**** Supplied entries ****
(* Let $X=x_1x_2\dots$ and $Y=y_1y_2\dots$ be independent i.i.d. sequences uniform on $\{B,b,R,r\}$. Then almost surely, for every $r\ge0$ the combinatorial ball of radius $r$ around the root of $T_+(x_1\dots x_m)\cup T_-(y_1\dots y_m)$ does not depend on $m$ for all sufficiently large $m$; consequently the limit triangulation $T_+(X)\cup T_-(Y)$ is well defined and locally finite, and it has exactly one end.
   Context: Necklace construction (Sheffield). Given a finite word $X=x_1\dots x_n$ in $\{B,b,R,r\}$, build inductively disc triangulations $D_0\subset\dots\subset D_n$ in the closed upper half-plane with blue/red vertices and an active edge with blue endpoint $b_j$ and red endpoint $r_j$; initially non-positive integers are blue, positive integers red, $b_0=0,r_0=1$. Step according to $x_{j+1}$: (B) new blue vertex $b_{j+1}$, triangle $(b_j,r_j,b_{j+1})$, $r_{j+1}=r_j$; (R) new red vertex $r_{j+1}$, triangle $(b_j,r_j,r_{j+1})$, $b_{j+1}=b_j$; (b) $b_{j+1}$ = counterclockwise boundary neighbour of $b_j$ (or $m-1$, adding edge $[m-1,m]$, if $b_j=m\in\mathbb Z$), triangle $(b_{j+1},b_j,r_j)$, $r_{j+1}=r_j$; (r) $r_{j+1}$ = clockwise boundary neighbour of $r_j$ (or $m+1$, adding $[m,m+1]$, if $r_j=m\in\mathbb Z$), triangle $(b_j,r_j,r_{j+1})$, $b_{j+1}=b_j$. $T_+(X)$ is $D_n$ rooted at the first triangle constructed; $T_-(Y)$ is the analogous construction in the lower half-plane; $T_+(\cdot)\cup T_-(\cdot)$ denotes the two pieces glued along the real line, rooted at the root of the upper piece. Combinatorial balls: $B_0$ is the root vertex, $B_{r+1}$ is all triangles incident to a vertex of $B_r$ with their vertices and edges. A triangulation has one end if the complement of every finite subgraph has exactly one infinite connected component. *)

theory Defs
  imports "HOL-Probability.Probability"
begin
****
**** Supplied entries ****
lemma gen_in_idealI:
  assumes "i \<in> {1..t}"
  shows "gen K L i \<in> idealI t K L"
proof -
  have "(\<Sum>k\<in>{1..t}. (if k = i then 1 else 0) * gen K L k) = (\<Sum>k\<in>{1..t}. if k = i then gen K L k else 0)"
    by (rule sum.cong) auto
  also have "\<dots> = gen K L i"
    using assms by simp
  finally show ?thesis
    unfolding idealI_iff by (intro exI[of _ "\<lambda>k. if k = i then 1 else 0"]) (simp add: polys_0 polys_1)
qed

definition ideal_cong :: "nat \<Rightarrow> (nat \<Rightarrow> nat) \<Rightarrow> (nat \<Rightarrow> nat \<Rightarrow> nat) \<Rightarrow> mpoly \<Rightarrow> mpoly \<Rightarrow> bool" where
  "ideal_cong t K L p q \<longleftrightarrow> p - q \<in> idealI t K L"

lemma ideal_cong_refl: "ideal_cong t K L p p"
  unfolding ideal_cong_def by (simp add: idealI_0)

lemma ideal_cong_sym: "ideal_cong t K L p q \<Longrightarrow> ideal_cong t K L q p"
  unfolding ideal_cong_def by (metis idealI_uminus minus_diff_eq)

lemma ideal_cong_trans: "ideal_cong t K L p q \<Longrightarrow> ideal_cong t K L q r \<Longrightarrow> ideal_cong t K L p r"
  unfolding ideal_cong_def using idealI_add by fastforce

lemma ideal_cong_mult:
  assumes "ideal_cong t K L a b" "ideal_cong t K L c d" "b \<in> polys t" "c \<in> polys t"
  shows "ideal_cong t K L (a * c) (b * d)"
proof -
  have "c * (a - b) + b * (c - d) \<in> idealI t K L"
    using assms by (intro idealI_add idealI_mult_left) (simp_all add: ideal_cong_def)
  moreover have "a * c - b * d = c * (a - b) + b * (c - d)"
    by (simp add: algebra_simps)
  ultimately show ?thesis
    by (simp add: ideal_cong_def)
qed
****
**** Supplied entries ****
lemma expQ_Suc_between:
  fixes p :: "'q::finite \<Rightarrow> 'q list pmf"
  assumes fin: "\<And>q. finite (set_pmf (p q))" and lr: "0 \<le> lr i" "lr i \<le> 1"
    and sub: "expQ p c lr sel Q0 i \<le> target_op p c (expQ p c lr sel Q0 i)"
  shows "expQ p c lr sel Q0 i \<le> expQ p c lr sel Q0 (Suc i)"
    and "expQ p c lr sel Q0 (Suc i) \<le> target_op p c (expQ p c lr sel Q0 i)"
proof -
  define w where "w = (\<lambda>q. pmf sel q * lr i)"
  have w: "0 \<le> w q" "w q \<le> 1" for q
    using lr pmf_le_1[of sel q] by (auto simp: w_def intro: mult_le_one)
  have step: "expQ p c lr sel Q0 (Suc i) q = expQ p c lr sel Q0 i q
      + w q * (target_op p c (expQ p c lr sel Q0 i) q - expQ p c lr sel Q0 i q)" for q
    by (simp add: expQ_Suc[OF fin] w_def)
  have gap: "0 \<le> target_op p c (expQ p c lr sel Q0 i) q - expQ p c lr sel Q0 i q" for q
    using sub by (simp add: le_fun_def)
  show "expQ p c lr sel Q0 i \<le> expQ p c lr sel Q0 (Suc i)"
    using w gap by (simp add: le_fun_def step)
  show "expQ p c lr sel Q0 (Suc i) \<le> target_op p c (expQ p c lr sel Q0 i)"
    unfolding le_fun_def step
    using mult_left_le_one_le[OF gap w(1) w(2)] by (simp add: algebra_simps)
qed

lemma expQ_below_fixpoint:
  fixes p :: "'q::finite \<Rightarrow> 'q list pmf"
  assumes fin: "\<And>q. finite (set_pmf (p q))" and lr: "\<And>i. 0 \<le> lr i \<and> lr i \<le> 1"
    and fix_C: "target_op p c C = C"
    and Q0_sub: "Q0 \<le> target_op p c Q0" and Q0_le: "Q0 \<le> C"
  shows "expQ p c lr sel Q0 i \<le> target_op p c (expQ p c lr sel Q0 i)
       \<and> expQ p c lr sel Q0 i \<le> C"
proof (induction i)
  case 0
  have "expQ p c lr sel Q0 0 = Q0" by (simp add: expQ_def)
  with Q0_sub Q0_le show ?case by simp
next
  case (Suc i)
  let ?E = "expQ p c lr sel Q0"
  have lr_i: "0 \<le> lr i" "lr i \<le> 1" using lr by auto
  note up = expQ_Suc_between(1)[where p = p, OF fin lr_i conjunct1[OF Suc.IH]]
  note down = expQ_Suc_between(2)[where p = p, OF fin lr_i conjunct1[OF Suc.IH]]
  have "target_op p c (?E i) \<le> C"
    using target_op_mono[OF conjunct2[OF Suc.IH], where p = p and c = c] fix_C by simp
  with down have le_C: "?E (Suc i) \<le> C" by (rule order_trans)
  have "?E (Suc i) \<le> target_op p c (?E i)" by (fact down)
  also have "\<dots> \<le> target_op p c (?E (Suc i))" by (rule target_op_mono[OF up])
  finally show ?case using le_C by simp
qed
****
Look through the entries and copy every line in which the string "thesis" appears.

  finally show ?thesis
  ultimately show ?thesis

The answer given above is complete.